EXERCISE BRIEF. State how many lines of the records include the word "thesis"; the reply is that number alone.

*** RECORDS FOR THE EXERCISE Section Begins ***

lemma integral_distr_coarsening:
  fixes \<psi> :: "'d \<Rightarrow> real"
  assumes M: "finite_measure M" and sets_M: "sets M = sets MD" and c: "coarsening MD c"
  shows "(\<integral>a. \<psi> a \<partial>distr M (count_space UNIV) c)
    = (\<Sum>z\<in>c ` space MD. \<psi> z * measure M (c -` {z} \<inter> space MD))"
proof -
  have "c \<in> M \<rightarrow>\<^sub>M count_space UNIV"
    using c by (simp add: coarsening_def measurable_cong_sets[OF sets_M refl])
  then have "(\<integral>a. \<psi> a \<partial>distr M (count_space UNIV) c) = (\<integral>x. \<psi> (c x) \<partial>M)"
    by (rule integral_distr) simp
  also have "\<dots> = (\<Sum>z\<in>c ` space MD. \<psi> z * measure M (c -` {z} \<inter> space MD))"
    by (rule integral_coarsening[OF M sets_M c])
  finally show ?thesis .
qed

lemma integral_coarsening_disagreement:
  assumes M: "prob_space M" "sets M = sets MD" and N: "prob_space N" "sets N = sets MD"
    and c: "coarsening MD c"
  shows "(\<integral>a. \<integral>b. of_bool (a \<noteq> b) \<partial>distr N (count_space UNIV) c \<partial>distr M (count_space UNIV) c)
    = (\<Sum>w\<in>c ` space MD. (1 - measure N (c -` {w} \<inter> space MD)) * measure M (c -` {w} \<inter> space MD))"
proof -
  define Z where "Z = c ` space MD"
  define q where "q z = measure N (c -` {z} \<inter> space MD)" for z
  have "finite Z" and "sum q Z = 1"
    using c sum_measure_coarsening_fibres[OF N c] by (simp_all add: coarsening_def Z_def q_def)
  have disagree: "(\<Sum>z\<in>Z. of_bool (w \<noteq> z) * q z) = 1 - q w" if "w \<in> Z" for w
  proof -
    have "(\<Sum>z\<in>Z. of_bool (w \<noteq> z) * q z) = (\<Sum>z\<in>Z. q z - (if w = z then q z else 0))"
      by (rule sum.cong) auto
    also have "\<dots> = 1 - q w"
      using \<open>finite Z\<close> \<open>sum q Z = 1\<close> that by (simp add: sum_subtractf)
    finally show ?thesis .
  qed
  show ?thesis
    unfolding integral_distr_coarsening[OF prob_space.finite_measure[OF M(1)] M(2) c]
      integral_distr_coarsening[OF prob_space.finite_measure[OF N(1)] N(2) c] Z_def[symmetric] q_def[symmetric]
    using disagree by (intro sum.cong) simp_all
qed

*** RECORDS FOR THE EXERCISE Section Ends ***

COMPLETED TASK. 3